What the task requires: What follows is a set of records, each of which is to be written out exactly.

══ Data for review

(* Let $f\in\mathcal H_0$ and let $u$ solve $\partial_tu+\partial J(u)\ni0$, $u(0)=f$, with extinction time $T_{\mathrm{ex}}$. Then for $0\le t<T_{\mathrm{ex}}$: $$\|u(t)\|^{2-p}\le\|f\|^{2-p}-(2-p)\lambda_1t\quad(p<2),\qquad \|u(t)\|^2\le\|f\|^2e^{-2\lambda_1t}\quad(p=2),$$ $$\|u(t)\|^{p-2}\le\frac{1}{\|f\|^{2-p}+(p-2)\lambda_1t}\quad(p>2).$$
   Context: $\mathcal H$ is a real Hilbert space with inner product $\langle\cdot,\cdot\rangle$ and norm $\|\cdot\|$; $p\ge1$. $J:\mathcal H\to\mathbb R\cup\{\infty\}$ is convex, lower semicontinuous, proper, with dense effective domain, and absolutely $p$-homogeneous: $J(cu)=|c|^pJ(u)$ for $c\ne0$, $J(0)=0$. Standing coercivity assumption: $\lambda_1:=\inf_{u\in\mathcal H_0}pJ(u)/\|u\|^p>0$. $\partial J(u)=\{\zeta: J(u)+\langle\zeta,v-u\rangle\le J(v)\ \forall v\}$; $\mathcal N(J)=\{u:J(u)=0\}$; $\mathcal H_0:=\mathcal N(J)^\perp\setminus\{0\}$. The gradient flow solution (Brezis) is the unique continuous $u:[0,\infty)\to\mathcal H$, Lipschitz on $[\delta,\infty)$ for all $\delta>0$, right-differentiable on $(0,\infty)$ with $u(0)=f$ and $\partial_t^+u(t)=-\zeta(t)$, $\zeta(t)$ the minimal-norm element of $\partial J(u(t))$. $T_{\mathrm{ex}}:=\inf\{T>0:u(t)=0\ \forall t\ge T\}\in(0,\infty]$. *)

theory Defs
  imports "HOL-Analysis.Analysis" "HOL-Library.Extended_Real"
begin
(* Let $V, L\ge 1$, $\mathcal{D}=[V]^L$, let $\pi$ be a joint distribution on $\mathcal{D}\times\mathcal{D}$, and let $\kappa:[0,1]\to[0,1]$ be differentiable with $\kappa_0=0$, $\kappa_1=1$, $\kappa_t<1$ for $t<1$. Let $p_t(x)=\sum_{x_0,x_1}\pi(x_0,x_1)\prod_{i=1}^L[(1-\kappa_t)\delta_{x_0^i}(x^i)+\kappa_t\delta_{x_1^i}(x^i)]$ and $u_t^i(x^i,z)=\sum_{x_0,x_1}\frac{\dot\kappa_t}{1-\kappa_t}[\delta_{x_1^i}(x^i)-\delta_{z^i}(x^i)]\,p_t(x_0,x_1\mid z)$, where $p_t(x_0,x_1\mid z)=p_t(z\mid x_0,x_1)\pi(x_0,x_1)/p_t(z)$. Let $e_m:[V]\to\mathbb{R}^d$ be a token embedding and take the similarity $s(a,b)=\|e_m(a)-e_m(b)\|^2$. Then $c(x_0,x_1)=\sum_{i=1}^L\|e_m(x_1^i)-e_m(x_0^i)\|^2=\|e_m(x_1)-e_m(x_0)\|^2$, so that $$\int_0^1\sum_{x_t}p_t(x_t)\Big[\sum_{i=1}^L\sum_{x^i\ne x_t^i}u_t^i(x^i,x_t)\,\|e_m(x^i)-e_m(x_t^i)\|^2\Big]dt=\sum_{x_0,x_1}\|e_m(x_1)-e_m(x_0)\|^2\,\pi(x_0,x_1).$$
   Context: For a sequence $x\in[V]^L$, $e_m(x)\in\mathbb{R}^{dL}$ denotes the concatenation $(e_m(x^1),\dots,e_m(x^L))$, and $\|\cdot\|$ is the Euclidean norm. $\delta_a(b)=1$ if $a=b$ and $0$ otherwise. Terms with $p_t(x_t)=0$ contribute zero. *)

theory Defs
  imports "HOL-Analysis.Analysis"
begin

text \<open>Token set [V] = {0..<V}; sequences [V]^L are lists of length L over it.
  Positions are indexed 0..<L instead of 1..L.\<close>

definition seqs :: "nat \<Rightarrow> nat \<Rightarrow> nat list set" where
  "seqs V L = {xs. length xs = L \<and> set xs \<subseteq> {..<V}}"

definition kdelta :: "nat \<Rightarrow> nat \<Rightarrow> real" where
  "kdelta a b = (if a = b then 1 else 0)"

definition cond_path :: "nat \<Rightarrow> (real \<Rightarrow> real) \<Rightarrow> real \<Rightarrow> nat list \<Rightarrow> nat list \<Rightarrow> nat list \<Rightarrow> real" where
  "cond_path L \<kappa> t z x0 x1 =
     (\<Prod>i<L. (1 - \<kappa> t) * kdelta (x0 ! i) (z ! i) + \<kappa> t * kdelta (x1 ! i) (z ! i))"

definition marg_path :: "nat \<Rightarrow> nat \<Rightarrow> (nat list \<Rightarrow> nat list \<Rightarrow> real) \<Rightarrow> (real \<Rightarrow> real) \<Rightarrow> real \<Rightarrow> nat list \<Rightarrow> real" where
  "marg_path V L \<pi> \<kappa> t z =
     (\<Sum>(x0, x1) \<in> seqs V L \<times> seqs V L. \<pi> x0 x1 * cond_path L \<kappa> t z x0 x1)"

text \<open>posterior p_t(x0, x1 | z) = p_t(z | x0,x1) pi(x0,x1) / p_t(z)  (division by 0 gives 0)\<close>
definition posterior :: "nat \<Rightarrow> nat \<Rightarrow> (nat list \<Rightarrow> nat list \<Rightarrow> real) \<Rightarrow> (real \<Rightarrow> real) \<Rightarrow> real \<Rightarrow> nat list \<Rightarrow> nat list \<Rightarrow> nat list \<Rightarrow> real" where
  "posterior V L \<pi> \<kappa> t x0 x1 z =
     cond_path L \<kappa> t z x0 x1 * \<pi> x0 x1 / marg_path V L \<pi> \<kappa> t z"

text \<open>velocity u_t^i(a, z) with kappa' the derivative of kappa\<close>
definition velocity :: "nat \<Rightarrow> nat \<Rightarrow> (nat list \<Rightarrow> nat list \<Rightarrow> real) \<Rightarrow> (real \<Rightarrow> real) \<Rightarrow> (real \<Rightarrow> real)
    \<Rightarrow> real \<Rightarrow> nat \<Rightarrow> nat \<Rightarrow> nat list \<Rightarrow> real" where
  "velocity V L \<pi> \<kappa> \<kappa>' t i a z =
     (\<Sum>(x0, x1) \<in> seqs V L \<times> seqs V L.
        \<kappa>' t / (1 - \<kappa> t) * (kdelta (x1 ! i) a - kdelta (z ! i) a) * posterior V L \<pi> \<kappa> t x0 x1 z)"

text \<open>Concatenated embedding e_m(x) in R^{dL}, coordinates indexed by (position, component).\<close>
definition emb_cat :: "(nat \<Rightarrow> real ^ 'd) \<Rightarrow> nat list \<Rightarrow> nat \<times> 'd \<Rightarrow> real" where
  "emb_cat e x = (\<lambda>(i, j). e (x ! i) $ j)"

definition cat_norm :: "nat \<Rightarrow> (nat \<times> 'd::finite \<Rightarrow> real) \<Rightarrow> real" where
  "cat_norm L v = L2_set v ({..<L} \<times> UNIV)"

════

Result below:
(* Let $f\in\mathcal H_0$ and let $u$ solve $\partial_tu+\partial J(u)\ni0$, $u(0)=f$, with extinction time $T_{\mathrm{ex}}$. Then for $0\le t<T_{\mathrm{ex}}$: $$\|u(t)\|^{2-p}\le\|f\|^{2-p}-(2-p)\lambda_1t\quad(p<2),\qquad \|u(t)\|^2\le\|f\|^2e^{-2\lambda_1t}\quad(p=2),$$ $$\|u(t)\|^{p-2}\le\frac{1}{\|f\|^{2-p}+(p-2)\lambda_1t}\quad(p>2).$$
   Context: $\mathcal H$ is a real Hilbert space with inner product $\langle\cdot,\cdot\rangle$ and norm $\|\cdot\|$; $p\ge1$. $J:\mathcal H\to\mathbb R\cup\{\infty\}$ is convex, lower semicontinuous, proper, with dense effective domain, and absolutely $p$-homogeneous: $J(cu)=|c|^pJ(u)$ for $c\ne0$, $J(0)=0$. Standing coercivity assumption: $\lambda_1:=\inf_{u\in\mathcal H_0}pJ(u)/\|u\|^p>0$. $\partial J(u)=\{\zeta: J(u)+\langle\zeta,v-u\rangle\le J(v)\ \forall v\}$; $\mathcal N(J)=\{u:J(u)=0\}$; $\mathcal H_0:=\mathcal N(J)^\perp\setminus\{0\}$. The gradient flow solution (Brezis) is the unique continuous $u:[0,\infty)\to\mathcal H$, Lipschitz on $[\delta,\infty)$ for all $\delta>0$, right-differentiable on $(0,\infty)$ with $u(0)=f$ and $\partial_t^+u(t)=-\zeta(t)$, $\zeta(t)$ the minimal-norm element of $\partial J(u(t))$. $T_{\mathrm{ex}}:=\inf\{T>0:u(t)=0\ \forall t\ge T\}\in(0,\infty]$. *)

theory Defs
  imports "HOL-Analysis.Analysis" "HOL-Library.Extended_Real"
begin
(* Let $V, L\ge 1$, $\mathcal{D}=[V]^L$, let $\pi$ be a joint distribution on $\mathcal{D}\times\mathcal{D}$, and let $\kappa:[0,1]\to[0,1]$ be differentiable with $\kappa_0=0$, $\kappa_1=1$, $\kappa_t<1$ for $t<1$. Let $p_t(x)=\sum_{x_0,x_1}\pi(x_0,x_1)\prod_{i=1}^L[(1-\kappa_t)\delta_{x_0^i}(x^i)+\kappa_t\delta_{x_1^i}(x^i)]$ and $u_t^i(x^i,z)=\sum_{x_0,x_1}\frac{\dot\kappa_t}{1-\kappa_t}[\delta_{x_1^i}(x^i)-\delta_{z^i}(x^i)]\,p_t(x_0,x_1\mid z)$, where $p_t(x_0,x_1\mid z)=p_t(z\mid x_0,x_1)\pi(x_0,x_1)/p_t(z)$. Let $e_m:[V]\to\mathbb{R}^d$ be a token embedding and take the similarity $s(a,b)=\|e_m(a)-e_m(b)\|^2$. Then $c(x_0,x_1)=\sum_{i=1}^L\|e_m(x_1^i)-e_m(x_0^i)\|^2=\|e_m(x_1)-e_m(x_0)\|^2$, so that $$\int_0^1\sum_{x_t}p_t(x_t)\Big[\sum_{i=1}^L\sum_{x^i\ne x_t^i}u_t^i(x^i,x_t)\,\|e_m(x^i)-e_m(x_t^i)\|^2\Big]dt=\sum_{x_0,x_1}\|e_m(x_1)-e_m(x_0)\|^2\,\pi(x_0,x_1).$$
   Context: For a sequence $x\in[V]^L$, $e_m(x)\in\mathbb{R}^{dL}$ denotes the concatenation $(e_m(x^1),\dots,e_m(x^L))$, and $\|\cdot\|$ is the Euclidean norm. $\delta_a(b)=1$ if $a=b$ and $0$ otherwise. Terms with $p_t(x_t)=0$ contribute zero. *)

theory Defs
  imports "HOL-Analysis.Analysis"
begin

text \<open>Token set [V] = {0..<V}; sequences [V]^L are lists of length L over it.
  Positions are indexed 0..<L instead of 1..L.\<close>

definition seqs :: "nat \<Rightarrow> nat \<Rightarrow> nat list set" where
  "seqs V L = {xs. length xs = L \<and> set xs \<subseteq> {..<V}}"

definition kdelta :: "nat \<Rightarrow> nat \<Rightarrow> real" where
  "kdelta a b = (if a = b then 1 else 0)"

definition cond_path :: "nat \<Rightarrow> (real \<Rightarrow> real) \<Rightarrow> real \<Rightarrow> nat list \<Rightarrow> nat list \<Rightarrow> nat list \<Rightarrow> real" where
  "cond_path L \<kappa> t z x0 x1 =
     (\<Prod>i<L. (1 - \<kappa> t) * kdelta (x0 ! i) (z ! i) + \<kappa> t * kdelta (x1 ! i) (z ! i))"

definition marg_path :: "nat \<Rightarrow> nat \<Rightarrow> (nat list \<Rightarrow> nat list \<Rightarrow> real) \<Rightarrow> (real \<Rightarrow> real) \<Rightarrow> real \<Rightarrow> nat list \<Rightarrow> real" where
  "marg_path V L \<pi> \<kappa> t z =
     (\<Sum>(x0, x1) \<in> seqs V L \<times> seqs V L. \<pi> x0 x1 * cond_path L \<kappa> t z x0 x1)"

text \<open>posterior p_t(x0, x1 | z) = p_t(z | x0,x1) pi(x0,x1) / p_t(z)  (division by 0 gives 0)\<close>
definition posterior :: "nat \<Rightarrow> nat \<Rightarrow> (nat list \<Rightarrow> nat list \<Rightarrow> real) \<Rightarrow> (real \<Rightarrow> real) \<Rightarrow> real \<Rightarrow> nat list \<Rightarrow> nat list \<Rightarrow> nat list \<Rightarrow> real" where
  "posterior V L \<pi> \<kappa> t x0 x1 z =
     cond_path L \<kappa> t z x0 x1 * \<pi> x0 x1 / marg_path V L \<pi> \<kappa> t z"

text \<open>velocity u_t^i(a, z) with kappa' the derivative of kappa\<close>
definition velocity :: "nat \<Rightarrow> nat \<Rightarrow> (nat list \<Rightarrow> nat list \<Rightarrow> real) \<Rightarrow> (real \<Rightarrow> real) \<Rightarrow> (real \<Rightarrow> real)
    \<Rightarrow> real \<Rightarrow> nat \<Rightarrow> nat \<Rightarrow> nat list \<Rightarrow> real" where
  "velocity V L \<pi> \<kappa> \<kappa>' t i a z =
     (\<Sum>(x0, x1) \<in> seqs V L \<times> seqs V L.
        \<kappa>' t / (1 - \<kappa> t) * (kdelta (x1 ! i) a - kdelta (z ! i) a) * posterior V L \<pi> \<kappa> t x0 x1 z)"

text \<open>Concatenated embedding e_m(x) in R^{dL}, coordinates indexed by (position, component).\<close>
definition emb_cat :: "(nat \<Rightarrow> real ^ 'd) \<Rightarrow> nat list \<Rightarrow> nat \<times> 'd \<Rightarrow> real" where
  "emb_cat e x = (\<lambda>(i, j). e (x ! i) $ j)"

definition cat_norm :: "nat \<Rightarrow> (nat \<times> 'd::finite \<Rightarrow> real) \<Rightarrow> real" where
  "cat_norm L v = L2_set v ({..<L} \<times> UNIV)"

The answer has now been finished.